The Great Ocean Road is one of the most popular tourist attractions in Australia. Within this dramatic coastline resides the Twelve Apostles, rocky pillars that jut out from the unforgiving sea. Around 20 million years in the making, these spires apparently have been hiding a secret for some time.
As a new study in the Journal of Coastal Research reveals, five more pillars exist nearby, but it’s unlikely tourists will get to see them: They’re located 50 meters (164 feet) underwater. Unsurprisingly, these new columns are being referred to as the Drowned Apostles.
Despite originally being part of the same limestone cliff, the new 7-meter-high (23-foot-high) stacks are 6 kilometers (3.7 miles) away from the others. Like their more easily viewed cousins, these concealed pillars are made of limestone, an easily erodible rock type.
Tens of millions of years ago, the limestone cliffs along the Great Ocean Road began to be eroded by the action of the waves. Caves formed when the waves began to bore right into the base of the cliffs, and after a few more million years, these caves were somewhat sizable.
The computer-generated sonar images of the five drowned stacks.

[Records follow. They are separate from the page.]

lemma (in prob_space) expectation_powr_triangle:
  fixes u v w :: "'a \<Rightarrow> real"
  assumes p: "p \<ge> 1" and AB: "0 < A" "0 < B"
    and int: "integrable M (\<lambda>x. u x powr p)" "integrable M (\<lambda>x. v x powr p)"
      "integrable M (\<lambda>x. w x powr p)"
    and le: "AE x in M. 0 \<le> u x \<and> 0 \<le> v x \<and> 0 \<le> w x \<and> w x \<le> u x + v x"
    and Eu: "expectation (\<lambda>x. u x powr p) \<le> A powr p"
    and Ev: "expectation (\<lambda>x. v x powr p) \<le> B powr p"
  shows "expectation (\<lambda>x. w x powr p) \<le> (A + B) powr p"
proof -
  define a where "a = A / (A + B)"
  define b where "b = B / (A + B)"
  have ab: "0 \<le> a" "0 \<le> b" "a + b = 1"
    using AB by (auto simp: a_def b_def add_divide_distrib[symmetric])
  have "expectation (\<lambda>x. w x powr p) \<le>
      expectation (\<lambda>x. (A + B) powr p * (a * (u x powr p / A powr p) + b * (v x powr p / B powr p)))"
  proof (rule integral_mono_AE)
    show "AE x in M. w x powr p \<le>
        (A + B) powr p * (a * (u x powr p / A powr p) + b * (v x powr p / B powr p))"
      using le
    proof eventually_elim
      case (elim x)
      then have "w x powr p \<le> (u x + v x) powr p"
        using p by (intro powr_mono2) auto
      also have "\<dots> \<le> (A + B) powr p * (a * (u x powr p / A powr p) + b * (v x powr p / B powr p))"
        unfolding a_def b_def using powr_add_le_weighted[OF p _ _ AB] elim by auto
      finally show ?case .
    qed
  qed (use int in auto)
  also have "\<dots> = (A + B) powr p *
      (a * (expectation (\<lambda>x. u x powr p) / A powr p) + b * (expectation (\<lambda>x. v x powr p) / B powr p))"
    using int by simp
  also have "\<dots> \<le> (A + B) powr p * (a * 1 + b * 1)"
    using Eu Ev AB ab by (intro mult_left_mono add_mono mult_left_mono) auto
  also have "\<dots> = (A + B) powr p"
    using ab by simp
  finally show ?thesis .
qed

section \<open>Couplings\<close>

lemma set_pmf_transport_plan:
  assumes "P \<in> transport_plans \<mu> \<nu>"
  shows "set_pmf P \<subseteq> set_pmf \<mu> \<times> set_pmf \<nu>"
proof -
  have "set_pmf \<mu> = fst ` set_pmf P" "set_pmf \<nu> = snd ` set_pmf P"
    using assms unfolding transport_plans_def by (auto simp flip: set_map_pmf)
  then show ?thesis
    by force
qed

lemma pair_pmf_transport_plan: "pair_pmf \<mu> \<nu> \<in> transport_plans \<mu> \<nu>"
  unfolding transport_plans_def by (simp add: map_fst_pair_pmf map_snd_pair_pmf)

lemma diagonal_transport_plan: "map_pmf (\<lambda>x. (x, x)) \<mu> \<in> transport_plans \<mu> \<mu>"
  unfolding transport_plans_def by (simp add: map_pmf_comp)

lemma swap_transport_plan:
  "P \<in> transport_plans \<mu> \<nu> \<Longrightarrow> map_pmf prod.swap P \<in> transport_plans \<nu> \<mu>"
  unfolding transport_plans_def by (auto simp: map_pmf_comp o_def)

lemma transport_plans_swap: "transport_plans \<nu> \<mu> = map_pmf prod.swap ` transport_plans \<mu> \<nu>"
proof (intro equalityI subsetI)
  fix P assume "P \<in> map_pmf prod.swap ` transport_plans \<mu> \<nu>"
  then show "P \<in> transport_plans \<nu> \<mu>"
    using swap_transport_plan by blast
next
  fix P assume "P \<in> transport_plans \<nu> \<mu>"
  then show "P \<in> map_pmf prod.swap ` transport_plans \<mu> \<nu>"
    by (intro image_eqI[where x = "map_pmf prod.swap P"] swap_transport_plan) (simp_all add: map_pmf_comp)
qed

lemma abs_pmf_diff_le_prob_off_diagonal:
  assumes "P \<in> transport_plans \<mu> \<nu>"
  shows "\<bar>pmf \<mu> a - pmf \<nu> a\<bar> \<le> measure_pmf.prob P {q. fst q \<noteq> snd q}"
proof -
  let ?off = "{q. fst q \<noteq> snd q}"
  have le: "measure_pmf.prob P X \<le> measure_pmf.prob P Y + measure_pmf.prob P ?off"
    if "X \<subseteq> Y \<union> ?off" for X Y
  proof -
    have "measure_pmf.prob P X \<le> measure_pmf.prob P (Y \<union> ?off)"
      using that by (rule measure_pmf.finite_measure_mono) simp
    also have "\<dots> \<le> measure_pmf.prob P Y + measure_pmf.prob P ?off"
      by (rule measure_subadditive) (simp_all add: measure_pmf.emeasure_eq_measure)
    finally show ?thesis .
  qed
  have "measure_pmf.prob P (fst -` {a}) \<le> measure_pmf.prob P (snd -` {a}) + measure_pmf.prob P ?off"
    "measure_pmf.prob P (snd -` {a}) \<le> measure_pmf.prob P (fst -` {a}) + measure_pmf.prob P ?off"
    by (auto intro!: le)
  moreover have "pmf \<mu> a = measure_pmf.prob P (fst -` {a})" "pmf \<nu> a = measure_pmf.prob P (snd -` {a})"
    using assms unfolding transport_plans_def by (auto simp: pmf_map)
  ultimately show ?thesis
    by (simp add: abs_le_iff)
qed

lemma pmf_gluing:
  fixes P :: "('a \<times> 'b) pmf" and Q :: "('b \<times> 'c) pmf"
  assumes marginal: "map_pmf snd P = map_pmf fst Q"
  obtains T :: "('a \<times> 'b \<times> 'c) pmf"
  where "map_pmf (\<lambda>(x, y, z). (x, y)) T = P" "map_pmf snd T = Q"
proof -
  \<comment> \<open>T draws (x, y) from P, then (y, z) from Q conditioned on its first coordinate being y.\<close>
  define C where "C y = cond_pmf Q {q. fst q = y}" for y
  define T where "T = bind_pmf P (\<lambda>q. map_pmf (Pair (fst q)) (C (snd q)))"
  have set_C: "set_pmf (C y) = set_pmf Q \<inter> {q. fst q = y}" if "y \<in> set_pmf (map_pmf fst Q)" for y
    unfolding C_def using that by (intro set_cond_pmf) auto
  have "map_pmf (\<lambda>(x, y, z). (x, y)) T = bind_pmf P (\<lambda>q. map_pmf (\<lambda>r. (fst q, fst r)) (C (snd q)))"
    unfolding T_def by (simp add: map_bind_pmf map_pmf_comp split_beta o_def)
  also have "\<dots> = bind_pmf P return_pmf"
  proof (rule bind_pmf_cong[OF refl])
    fix q assume "q \<in> set_pmf P"
    then have "snd q \<in> set_pmf (map_pmf fst Q)"
      using marginal[symmetric] by auto
    then have "map_pmf (\<lambda>r. (fst q, fst r)) (C (snd q)) = map_pmf (\<lambda>_. q) (C (snd q))"
      using set_C by (intro map_pmf_cong) auto
    then show "map_pmf (\<lambda>r. (fst q, fst r)) (C (snd q)) = return_pmf q"
      by (simp add: map_pmf_const)
  qed
  also have "\<dots> = P"
    by (simp add: bind_return_pmf')
  finally have "map_pmf (\<lambda>(x, y, z). (x, y)) T = P" .
  moreover have "map_pmf snd T = Q"
  proof -
    have "map_pmf snd T = bind_pmf (map_pmf snd P) C"
      unfolding T_def by (simp add: map_bind_pmf map_pmf_comp split_beta o_def bind_map_pmf)
    also have "\<dots> = bind_pmf (map_pmf fst Q) (\<lambda>y. cond_pmf Q {q. fst q = y})"
      unfolding marginal C_def ..
    also have "\<dots> = Q"
      by (rule bind_cond_pmf_cancel) (auto simp: measure_map_pmf vimage_def)
    finally show ?thesis .
  qed
  ultimately show ?thesis
    using that by blast
qed

lemma finite_set_pmf_transport_plan:
  "P \<in> transport_plans \<mu> \<nu> \<Longrightarrow> finite (set_pmf \<mu>) \<Longrightarrow> finite (set_pmf \<nu>) \<Longrightarrow> finite (set_pmf P)"
  by (rule finite_subset[OF set_pmf_transport_plan]) auto

section \<open>The maximum over the simplex\<close>

lemma SUP_prob_simplex_linear:
  fixes c :: "nat \<Rightarrow> real"
  assumes "L \<ge> 1"
  shows "(SUP \<alpha>\<in>prob_simplex L. \<Sum>l<L. \<alpha> l * c l) = (MAX l\<in>{..<L}. c l)"
proof (rule cSup_eq_maximum)
  obtain m where m: "m < L" "c m = (MAX l\<in>{..<L}. c l)"
  proof -
    have "(MAX l\<in>{..<L}. c l) \<in> c ` {..<L}"
      using assms by (intro Max_in) (auto simp: lessThan_empty_iff)
    then show ?thesis
      using that by (metis imageE lessThan_iff)
  qed
  define e where "e l = (if l = m then 1 else 0 :: real)" for l
  have "(\<Sum>l<L. e l * c l) = (\<Sum>l<L. if l = m then c l else 0)"
    by (rule sum.cong) (simp_all add: e_def)
  then have "e \<in> prob_simplex L" "(\<Sum>l<L. e l * c l) = c m"
    using m by (simp_all add: prob_simplex_def e_def)
  then show "(MAX l\<in>{..<L}. c l) \<in> (\<lambda>\<alpha>. \<Sum>l<L. \<alpha> l * c l) ` prob_simplex L"
    using m by force
next
  fix s assume "s \<in> (\<lambda>\<alpha>. \<Sum>l<L. \<alpha> l * c l) ` prob_simplex L"
  then obtain \<alpha> where \<alpha>: "\<alpha> \<in> prob_simplex L" and s: "s = (\<Sum>l<L. \<alpha> l * c l)"
    by blast
  have "(\<Sum>l<L. \<alpha> l * c l) \<le> (\<Sum>l<L. \<alpha> l * (MAX l\<in>{..<L}. c l))"
    using \<alpha> by (intro sum_mono mult_left_mono) (auto simp: prob_simplex_def)
  also have "\<dots> = (MAX l\<in>{..<L}. c l)"
    using \<alpha> by (simp add: prob_simplex_def flip: sum_distrib_right)
  finally show "s \<le> (MAX l\<in>{..<L}. c l)"
    using s by simp
qed

definition group_cost ::
  "('b \<Rightarrow> 'b \<Rightarrow> real) \<Rightarrow> real \<Rightarrow> 'i \<Rightarrow> (('i \<Rightarrow> 'b) \<times> ('i \<Rightarrow> 'b)) pmf \<Rightarrow> real" where
  "group_cost d p l P = measure_pmf.expectation P (\<lambda>(x, y). d (x l) (y l) powr p)"

definition max_group_cost ::
  "nat \<Rightarrow> ('b \<Rightarrow> 'b \<Rightarrow> real) \<Rightarrow> real \<Rightarrow> ((nat \<Rightarrow> 'b) \<times> (nat \<Rightarrow> 'b)) pmf \<Rightarrow> real" where
  "max_group_cost L d p P = (MAX l\<in>{..<L}. group_cost d p l P)"

definition FRWD_pow ::
  "nat \<Rightarrow> ('b \<Rightarrow> 'b \<Rightarrow> real) \<Rightarrow> real \<Rightarrow> (nat \<Rightarrow> 'b) pmf \<Rightarrow> (nat \<Rightarrow> 'b) pmf \<Rightarrow> real" where
  "FRWD_pow L d p \<mu> \<nu> = (INF P\<in>transport_plans \<mu> \<nu>. max_group_cost L d p P)"

lemma group_cost_nonneg: "0 \<le> group_cost d p l P"
  unfolding group_cost_def by (rule integral_nonneg_AE) auto

lemma frwd_cost_eq_sum_group_cost:
  assumes "finite (set_pmf P)"
  shows "frwd_cost L d p P \<alpha> = (\<Sum>l<L. \<alpha> l * group_cost d p l P)"
proof -
  have group_cost: "group_cost d p l P = (\<Sum>q\<in>set_pmf P. pmf P q * d (fst q l) (snd q l) powr p)" for l
    unfolding group_cost_def by (subst integral_measure_pmf[OF assms]) (auto simp: split_def)
  have "frwd_cost L d p P \<alpha> = (\<Sum>q\<in>set_pmf P. \<Sum>l<L. \<alpha> l * (pmf P q * d (fst q l) (snd q l) powr p))"
    unfolding frwd_cost_def by (simp add: split_def sum_distrib_left mult.left_commute)
  also have "\<dots> = (\<Sum>l<L. \<alpha> l * group_cost d p l P)"
    unfolding group_cost by (subst sum.swap) (simp add: sum_distrib_left)
  finally show ?thesis .
qed

lemma SUP_frwd_cost_eq_max_group_cost:
  "finite (set_pmf P) \<Longrightarrow> L \<ge> 1 \<Longrightarrow>
    (SUP \<alpha>\<in>prob_simplex L. frwd_cost L d p P \<alpha>) = max_group_cost L d p P"
  by (simp add: frwd_cost_eq_sum_group_cost SUP_prob_simplex_linear max_group_cost_def)

lemma max_group_cost_le_iff:
  "L \<ge> 1 \<Longrightarrow> max_group_cost L d p P \<le> K \<longleftrightarrow> (\<forall>l<L. group_cost d p l P \<le> K)"
  unfolding max_group_cost_def by (subst Max_le_iff) (auto simp: lessThan_empty_iff)

lemma group_cost_le_max_group_cost: "l < L \<Longrightarrow> group_cost d p l P \<le> max_group_cost L d p P"
  unfolding max_group_cost_def by (rule Max_ge) auto

lemma max_group_cost_nonneg: "L \<ge> 1 \<Longrightarrow> 0 \<le> max_group_cost L d p P"
  using group_cost_le_max_group_cost[of 0 L d p P] group_cost_nonneg[of d p 0 P] by simp

lemma FRWD_pow_nonneg: "L \<ge> 1 \<Longrightarrow> 0 \<le> FRWD_pow L d p \<mu> \<nu>"
  unfolding FRWD_pow_def using pair_pmf_transport_plan
  by (intro cINF_greatest max_group_cost_nonneg) auto

lemma FRWD_pow_le_max_group_cost:
  "L \<ge> 1 \<Longrightarrow> P \<in> transport_plans \<mu> \<nu> \<Longrightarrow> FRWD_pow L d p \<mu> \<nu> \<le> max_group_cost L d p P"
  unfolding FRWD_pow_def using max_group_cost_nonneg
  by (intro cINF_lower bdd_belowI2) auto

lemma FRWD_pow_less_imp_transport_plan:
  assumes "FRWD_pow L d p \<mu> \<nu> < c" "L \<ge> 1"
  obtains P where "P \<in> transport_plans \<mu> \<nu>" "max_group_cost L d p P < c"
proof -
  have "transport_plans \<mu> \<nu> \<noteq> {}"
    using pair_pmf_transport_plan by blast
  moreover have "bdd_below (max_group_cost L d p ` transport_plans \<mu> \<nu>)"
    by (rule bdd_belowI2[where m = 0]) (rule max_group_cost_nonneg[OF assms(2)])
  ultimately have "\<exists>P\<in>transport_plans \<mu> \<nu>. max_group_cost L d p P < c"
    using assms(1) cINF_less_iff unfolding FRWD_pow_def by metis
  with that show ?thesis
    by blast
qed

lemma FRWD_eq_FRWD_pow:
  assumes "L \<ge> 1" "finite (set_pmf \<mu>)" "finite (set_pmf \<nu>)"
  shows "FRWD L d p \<mu> \<nu> = FRWD_pow L d p \<mu> \<nu> powr (1 / p)"
proof -
  have "(SUP \<alpha>\<in>prob_simplex L. frwd_cost L d p P \<alpha>) = max_group_cost L d p P"
    if "P \<in> transport_plans \<mu> \<nu>" for P
    using assms finite_set_pmf_transport_plan[OF that] by (simp add: SUP_frwd_cost_eq_max_group_cost)
  then have "(INF P\<in>transport_plans \<mu> \<nu>. SUP \<alpha>\<in>prob_simplex L. frwd_cost L d p P \<alpha>) =
      (INF P\<in>transport_plans \<mu> \<nu>. max_group_cost L d p P)"
    by (rule INF_cong[OF refl])
  then show ?thesis
    unfolding FRWD_def FRWD_pow_def by simp
qed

Rhiannon Bezore
At this point, the thin arches at the top of each of the caves collapsed, leaving the seaward-side wall standing on its own; this is known in geology as a stack. When the stack is chipped away by the hydraulic action of the waves until there’s only a bit left sticking out of the sea, it is known as a stump.
These five new limestone stacks, discovered during a high-resolution sonar survey in the area, are therefore quite odd. “Sea stacks are always eroding… so it is hugely surprising that any could be preserved at that depth of water,” said David Kennedy, an associate professor of coastal geomorphology from the University of Melbourne, in a statement. “They should have collapsed and eroded as the sea level rose.”
These five submerged columns – the first of their kind that researchers know of – would have formed in much the same way as those sticking out of the water. However, it’s unclear at present how they’ve managed to survive the 60,000 years they’ve been around for. One possibility is that the sea level rose so quickly at the end of the last ice age 20,000 to 10,000 years ago that it simply rose above them; this meant that powerful surface waves couldn’t spend time eroding them.
Either way, it’s unlikely that the Twelve Apostles will become the Seventeen Apostles. For one thing, there are actually only eight of them visible, ranging from 30 to 67 meters (98.5 to 220 feet) high. There were nine to begin with, but one of them suddenly collapsed into the ocean in 2005.
Local authorities are adamant that there are in fact only seven true apostles still standing. With these new five drowned stacks, perhaps there really are twelve apostles after all.